Experiencing the Holocaust Museum

A friend and I experienced the Holocaust Museum today. That’s really the only way to describe it. For the hours that you are there you are transformed and the amount of emotions that you go through is hard to describe. Sight, sound, smell, touch…you experience the plight of the Jews in so many ways.

I came away feeling:

shocked
disgusted
disbelieving
amazed
in awe
heart broken
fascinated
sickened
etc.
etc.
etc.

A child’s cup, decorated so cutely with cartoon characters – this is what touched me the most.

It was taken from one of the children as he or she was stripped of all possessions before being taken into a concentration camp. On display were hundreds of those possessions: shoes, combs, silverware, thermoses, suitcases… That cup though. I couldn’t take it.

There was a picture of a family that had been massacred on the street, their bodies photographed and left for everyone to see. Lying next to her family, probably Ashlyn’s age, an innocent little girl. I broke down.

How the whole thing could even happen is shocking, unbelievable and the worst kind of horrible. But how one human being could do to a child what was done to all 6 million people is somehow even worse.

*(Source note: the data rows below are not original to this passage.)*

theorem theorem2:
  fixes nx nu nL :: nat
    and ls :: "layer list"
    and Wo :: "real mat" and bo :: "real vec" and K :: "real mat"
  assumes hidden: "wf_layers nx ls nL" and L_pos: "ls \<noteq> []"
    and Wo: "Wo \<in> carrier_mat nu nL" and bo: "bo \<in> carrier_vec nu"
    and K: "K \<in> carrier_mat nu nx"
    and cond_i: "vec_space.rank (nu * nx) (A_eq nu nx nL (W_Gamma nx ls))
                 = vec_space.rank (nu * nx)
                     (augment (A_eq nu nx nL (W_Gamma nx ls)) (b_eq nu nx K))"
    and cond_ii: "nu * nL \<ge> vec_space.rank (nu * nx) (A_eq nu nx nL (W_Gamma nx ls))"
  shows "(\<exists>!(Wh, bh). lqr_optimal nu nx nL ls K Wo bo Wh bh) \<and>
         (\<forall>Wh bh. lqr_optimal nu nx nL ls K Wo bo Wh bh \<longrightarrow>
            (\<forall>x \<in> R_eq nx ls. net ls Wh bh x = - (K *\<^sub>v x)))"
proof
  note WG = W_Gamma_b_Gamma_carrier[OF hidden]
  obtain W0 b0 where "lqr_feasible nu nx nL ls K W0 b0"
    using lqr_feasible_exists_if_rank_eq[OF WG K cond_i] by blast
  then obtain Wh bh where "lqr_optimal nu nx nL ls K Wo bo Wh bh"
    using lqr_optimal_exists[OF WG] by blast
  then show "\<exists>!(Wh, bh). lqr_optimal nu nx nL ls K Wo bo Wh bh"
    using lqr_optimal_unique[OF WG] by (intro ex1I[of _ "(Wh, bh)"]) auto
  show "\<forall>Wh bh. lqr_optimal nu nx nL ls K Wo bo Wh bh \<longrightarrow>
      (\<forall>x \<in> R_eq nx ls. net ls Wh bh x = - (K *\<^sub>v x))"
    using net_R_eq_if_lqr_feasible[OF hidden K] by (auto simp: lqr_optimal_def)
qed

end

In the Hall of Remembrance was this verse:

Only be careful, and watch yourselves closely
so that you do not forget the things your eyes have seen
or let them slip from your heart as long as you live.
Teach them to your children and to their children after them.
Deuteronomy 4:9

Published by NotSoSAHM

I'm a photographer and homeschooler Dream = travel blogger. We move around every couple of years. That's fine, I love seeing different parts of our great country and the world. Great things: Jesus, traveling, photography, eating, sewing, scrapbooking, reading, shopping...not necessarily in that order.

3 thoughts on “Experiencing the Holocaust Museum

  1. I was fortunate enough to spend half of my childhood years living in Europe. When we read The Diary of Anne Frank, we were lucky enough to go on a field trip to see her home. As part of a vacation in Munich, my parents took us to the concentration camp in Dachau. The Holocaust and WWII are such an emotional part of our human history, on so many levels, for so many reasons.

    This past September, 30 years after my experiences, I had the incredible opportunity to take my oldest, my 13-year-old son, on a two week trip with me to Europe. I remembered what Anne Frank’s house was like as a teenager his age, but I was not prepared for the emotion that hit me, or for the depth that it struck in my heart, to experience Anne Frank’s house as a parent, especially the parent of a child her age.

    Thank you so much for sharing your experience. I hope that mankind never fails to forget the horrors of that time in history and that we never experience anything like it again.

    1. We lived for four years in Stuttgart. I loved it. We were able to get up to Amsterdam once and toured Anne Frank’s hideout. I never went to Dachau. Europe is so beautiful now, it’s hard to imagine the destruction and death.